Со своего места он видел вертящуюся входную дверь; это был идеальный наблюдательный пункт, позволявший не пропустить ни одного посетителя. В девять часов вечера у стойки администратора толпилось довольно много людей. Мужчины в основном носили военную форму: это были солдаты союзных войск, в том числе вездесущие американцы. Многие приходили в отель со своими английскими подружками.

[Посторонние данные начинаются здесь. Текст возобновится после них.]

lemma weighted_sum_eq_ergodic:
  assumes k: "1 \<le> k"
  shows "\<eta> * (\<Sum>j<k. p (Suc j) * (2 * lam j * (inner (F v) (v - y j) + \<eta> * C_H * D_X)))
    = 2 * Lam k * (\<eta> * C_H * D_X - inner (F v) (ybar k - v))"
proof -
  define c where "c j = lam j * \<eta> * p (Suc j)" for j
  have Lam_c: "Lam k = sum c {..<k}"
    and ybar_c: "ybar k = inverse (sum c {..<k}) *\<^sub>R (\<Sum>j<k. c j *\<^sub>R y j)"
    by (simp_all add: Lam_def ybar_def c_def)
  have "\<eta> * (p (Suc j) * (2 * lam j * (inner (F v) (v - y j) + \<eta> * C_H * D_X)))
      = 2 * (\<eta> * C_H * D_X * c j - c j * inner (F v) (y j - v))" for j
    by (simp add: c_def inner_diff_right algebra_simps)
  then have "\<eta> * (\<Sum>j<k. p (Suc j) * (2 * lam j * (inner (F v) (v - y j) + \<eta> * C_H * D_X)))
      = 2 * (\<eta> * C_H * D_X * Lam k - (\<Sum>j<k. c j * inner (F v) (y j - v)))"
    by (simp add: Lam_c sum_distrib_left sum_subtractf right_diff_distrib)
  also have "(\<Sum>j<k. c j * inner (F v) (y j - v)) = Lam k * inner (F v) (ybar k - v)"
    unfolding Lam_c ybar_c by (rule inner_weighted_mean) (use Lam_pos[OF k] Lam_c in simp)
  finally show ?thesis by (simp add: algebra_simps)
qed

lemma eta_div_Lam_le:
  assumes k: "1 \<le> k" shows "\<eta> / Lam k \<le> (1 - beta_lo) ^ k / lam_lo"
proof -
  have "\<eta> / Lam k \<le> \<eta> / (lam_lo * \<eta> * p k)"
    using Lam_ge[OF k] Lam_pos[OF k] lam_lo_pos eta_pos p_pos[of k]
    by (intro divide_left_mono) auto
  also have "\<dots> = inverse (p k) / lam_lo"
    using eta_pos by (simp add: field_simps)
  also have "\<dots> \<le> (1 - beta_lo) ^ k / lam_lo"
    using inverse_p_le lam_lo_pos by (simp add: divide_right_mono)
  finally show ?thesis .
qed

lemma ergodic_inner_le:
  assumes k: "1 \<le> k" and v: "v \<in> X"
  shows "inner (F v) (ybar k - v)
    \<le> (1 - beta_lo) ^ k / (2 * lam_lo) * (D_X\<^sup>2 + (\<Sum>j<k. p j * delta j)) + \<eta> * C_H * D_X"
proof -
  define E where "E = D_X\<^sup>2 + (\<Sum>j<k. p j * delta j)"
  define S where "S = (\<Sum>j<k. p (Suc j) * (2 * lam j * (inner (F v) (v - y j) + \<eta> * C_H * D_X)))"
  have "0 \<le> \<eta> * (E + S)"
    using telescoped_inequality[OF v, of k] eta_pos by (simp add: E_def S_def sum.distrib add.assoc)
  then have "2 * Lam k * (inner (F v) (ybar k - v) - \<eta> * C_H * D_X) \<le> \<eta> * E"
    using weighted_sum_eq_ergodic[OF k, of v] by (simp add: S_def algebra_simps)
  then have "inner (F v) (ybar k - v) - \<eta> * C_H * D_X \<le> \<eta> / Lam k * E / 2"
    using Lam_pos[OF k] by (simp add: pos_le_divide_eq mult.commute mult.left_commute)
  then have "inner (F v) (ybar k - v) \<le> \<eta> / Lam k * E / 2 + \<eta> * C_H * D_X"
    by simp
  also have "\<eta> / Lam k * E / 2 \<le> (1 - beta_lo) ^ k / lam_lo * E / 2"
  proof -
    have "0 \<le> E"
      unfolding E_def delta_def using p_pos alpha_nonneg
      by (intro add_nonneg_nonneg sum_nonneg) (auto simp: less_imp_le)
    then show ?thesis
      using eta_div_Lam_le[OF k] by (intro divide_right_mono mult_right_mono) auto
  qed
  finally show ?thesis by (simp add: E_def mult.commute)
qed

Уэлби, одетый в старую спортивную куртку, сидел, развалясь, но внутренне был очень напряжен. Его связной Савицкий опаздывал. Тим посмотрел на часы. Через три минуты нужно будет встать и уйти. По телефону русский говорил взволнованно, словно стряслась какая-то беда… Это было совсем не в его стиле.
Уэлби нарочно положил на свободное кресло у соседнего журнального столика свой мятый плащ, чтобы туда никто не сел. Как обычно, рандеву должно было состояться в новом месте. Они никогда не встречались в одном и том же месте дважды. И время встреч тоже всегда менялось.
«Риджент Палас» идеально подходил для свиданий, потому что в этот час там было полно посетителей. А если вдруг появится какой-нибудь знакомый и заметит Тима, у него найдется прекрасное объяснение: дескать, высвободилось лишних полчаса, и он решил провести их в тепле. Тим, не отрываясь, глядел на входную дверь; внезапно чья-то рука дотронулась до его плаща и послышался извиняющийся голос.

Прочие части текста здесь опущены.